Kildermot Abbey
- Interactive map of Kildermot Abbey

Monastery information
- Other names: Kildermot Church, Kildermott Abbey
- Order: Premonstratensians (Norbertines)
- Established: 13th century
- Diocese: Achonry

Architecture
- Status: ruined
- Heritage designation:

National monument of Ireland
- Official name: Kildermot Church
- Reference no.: 402
- Style: Norman

Site
- Location: Kildermot, Attymass, County Mayo
- Coordinates: 54°03′30″N 9°05′25″W﻿ / ﻿54.058363°N 9.090197°W
- Visible remains: church
- Public access: yes

= Kildermot Abbey =

Kildermot Abbey is a former Premonstratensian Priory and National Monument located in County Mayo, Ireland.

==Location==
Kildermot Abbey is located on the west bank of Ballymore Lough, 1 km northwest of Attymass.

==History==
Kildermot Abbey was founded Premonstratensian Canons (Norbertines), who were already established in the area at this time.

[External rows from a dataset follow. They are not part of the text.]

(* Allowing the empty block in the index set makes the lemma applicable to images of
   partitions (such as the traces of the blocks), where {} may occur. *)
lemma construction_decomp:
  assumes "construction G K" "finest_partition G (P - {{}})"
  obtains Kf where "\<And>B. B \<in> P \<Longrightarrow> construction B (Kf B)" "K = (\<Union>B\<in>P. Kf B)"
  using assms(1)
proof (cases rule: construction.cases)
  case empty
  then have "P \<subseteq> {{}}"
    using assms(2) hyp_partitionD(1,2)[of "{}" "P - {{}}"] unfolding finest_partition_def by blast
  then show ?thesis using that[of "\<lambda>_. {}"] construction.empty empty(2) by blast
next
  case (conn x K')
  have "P - {{}} = {G}"
  proof (rule hconnected_unique[OF conn(5)])
    show "hyp_partition G (P - {{}})" using assms(2) unfolding finest_partition_def by blast
    have "G \<noteq> {}" using conn(4) by (metis Union_empty card.empty not_one_le_zero)
    then show "hyp_partition G {G}" by (rule hyp_partition_single[OF conn(2)])
  qed
  define Kf where "Kf B = (if B = G then K else {})" for B
  show ?thesis
  proof (rule that)
    show "construction B (Kf B)" if "B \<in> P" for B
    proof (cases "B = G")
      case True
      then show ?thesis using assms(1) unfolding Kf_def by simp
    next
      case False
      then have "B = {}" using \<open>P - {{}} = {G}\<close> \<open>B \<in> P\<close> by blast
      then show ?thesis using False construction.empty unfolding Kf_def by simp
    qed
    have "G \<in> P" using \<open>P - {{}} = {G}\<close> by blast
    then show "K = (\<Union>B\<in>P. Kf B)" unfolding Kf_def by auto
  qed
next
  case (disconn Q Kf)
  have "P - {{}} = Q" by (rule finest_partition_unique[OF disconn(2) assms(2) disconn(5)])
  show ?thesis
  proof (rule that)
    show "construction B (if B = {} then {} else Kf B)" if "B \<in> P" for B
      using disconn(7) \<open>P - {{}} = Q\<close> \<open>B \<in> P\<close> construction.empty by auto
    show "K = (\<Union>B\<in>P. if B = {} then {} else Kf B)"
      using disconn(1) \<open>P - {{}} = Q\<close> by auto
  qed
qed

lemma construction_from_blocks:
  assumes "hypergraph G" "atomic G" "finest_partition G P" "\<And>B. B \<in> P \<Longrightarrow> construction B (Kf B)"
  shows "construction G (\<Union>B\<in>P. Kf B)"
proof -
  have P: "hyp_partition G P" using assms(3) unfolding finest_partition_def by blast
  consider "card P = 0" | "card P = 1" | "card P \<ge> 2" by linarith
  then show ?thesis
  proof cases
    case 1
    then have "P = {}" using finite_partition[OF assms(1) P] by simp
    moreover have "G = {}" using hyp_partitionD(1)[OF P] \<open>P = {}\<close> by simp
    ultimately show ?thesis using construction.empty by simp
  next
    case 2
    then obtain B where "P = {B}" by (rule card_1_singletonE)
    moreover have "G = B" using hyp_partitionD(1)[OF P] \<open>P = {B}\<close> by simp
    ultimately show ?thesis using assms(4) by simp
  next
    case 3
    have "\<not> hconnected G"
    proof
      assume "hconnected G"
      moreover obtain B where "B \<in> P" using 3 by fastforce
      then have "G \<noteq> {}" using hyp_partitionD(1,2)[OF P] by blast
      then have "hyp_partition G {G}" by (rule hyp_partition_single[OF assms(1)])
      ultimately have "P = {G}" using hconnected_unique[OF _ P] by blast
      then show False using 3 by simp
    qed
    then show ?thesis using construction.disconn[OF assms(1,2) _ assms(3) 3] assms(4) by blast
  qed
qed

lemma restr_carrier: "A \<in> G \<Longrightarrow> \<Union>(restr G A) = A"
  unfolding restr_def by blast

lemma restr_restr: "Y \<subseteq> A \<Longrightarrow> restr (restr G A) Y = restr G Y"
  unfolding restr_def by blast

lemma restr_hypergraph: "hypergraph G \<Longrightarrow> hypergraph (restr G A)"
  unfolding hypergraph_def restr_def by simp

lemma restr_atomic: "atomic G \<Longrightarrow> atomic (restr G A)"
  unfolding atomic_def restr_def by blast

lemma restr_saturated: "saturated G \<Longrightarrow> saturated (restr G A)"
  unfolding saturated_def restr_def by blast

lemma atomic_restr_carrier: "atomic G \<Longrightarrow> \<Union>(restr G A) = \<Union>G \<inter> A"
  unfolding atomic_def restr_def by blast

lemma trace_hypergraph:
  assumes "hypergraph G"
  shows "hypergraph (trace Z G)"
proof -
  have "trace Z G = (\<lambda>X. X \<inter> Z) ` {X \<in> G. X \<inter> Z \<noteq> {}}"
    unfolding trace_def by blast
  then show ?thesis using assms unfolding hypergraph_def by auto
qed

It is possible the Abbey and its townland are now known as Kildermot due to patronage by the Mac Diarmada; no connection to any St Dermot can be claimed.

The Abbey was partially destroyed after the Penal Laws of 1697.

Two holy water fonts from the Abbey were recovered from the lake by a Mr. Thomas Gallagher. One has been returned to the Abbey, while the other is in the National Museum of Ireland.

Kildermot Abbey became a National Monument in 1939.

Dawn Mass is celebrated annually at the ruins on Easter Sunday.

==Building==
The church's west gable is pulled down, but the foundation is still traceable. Its side walls and east gable remain.

In this gable is a lancet window, widened inside and arched above, fashioned of rudely cut stones. The whole church measures 5.5 × 3.5 m.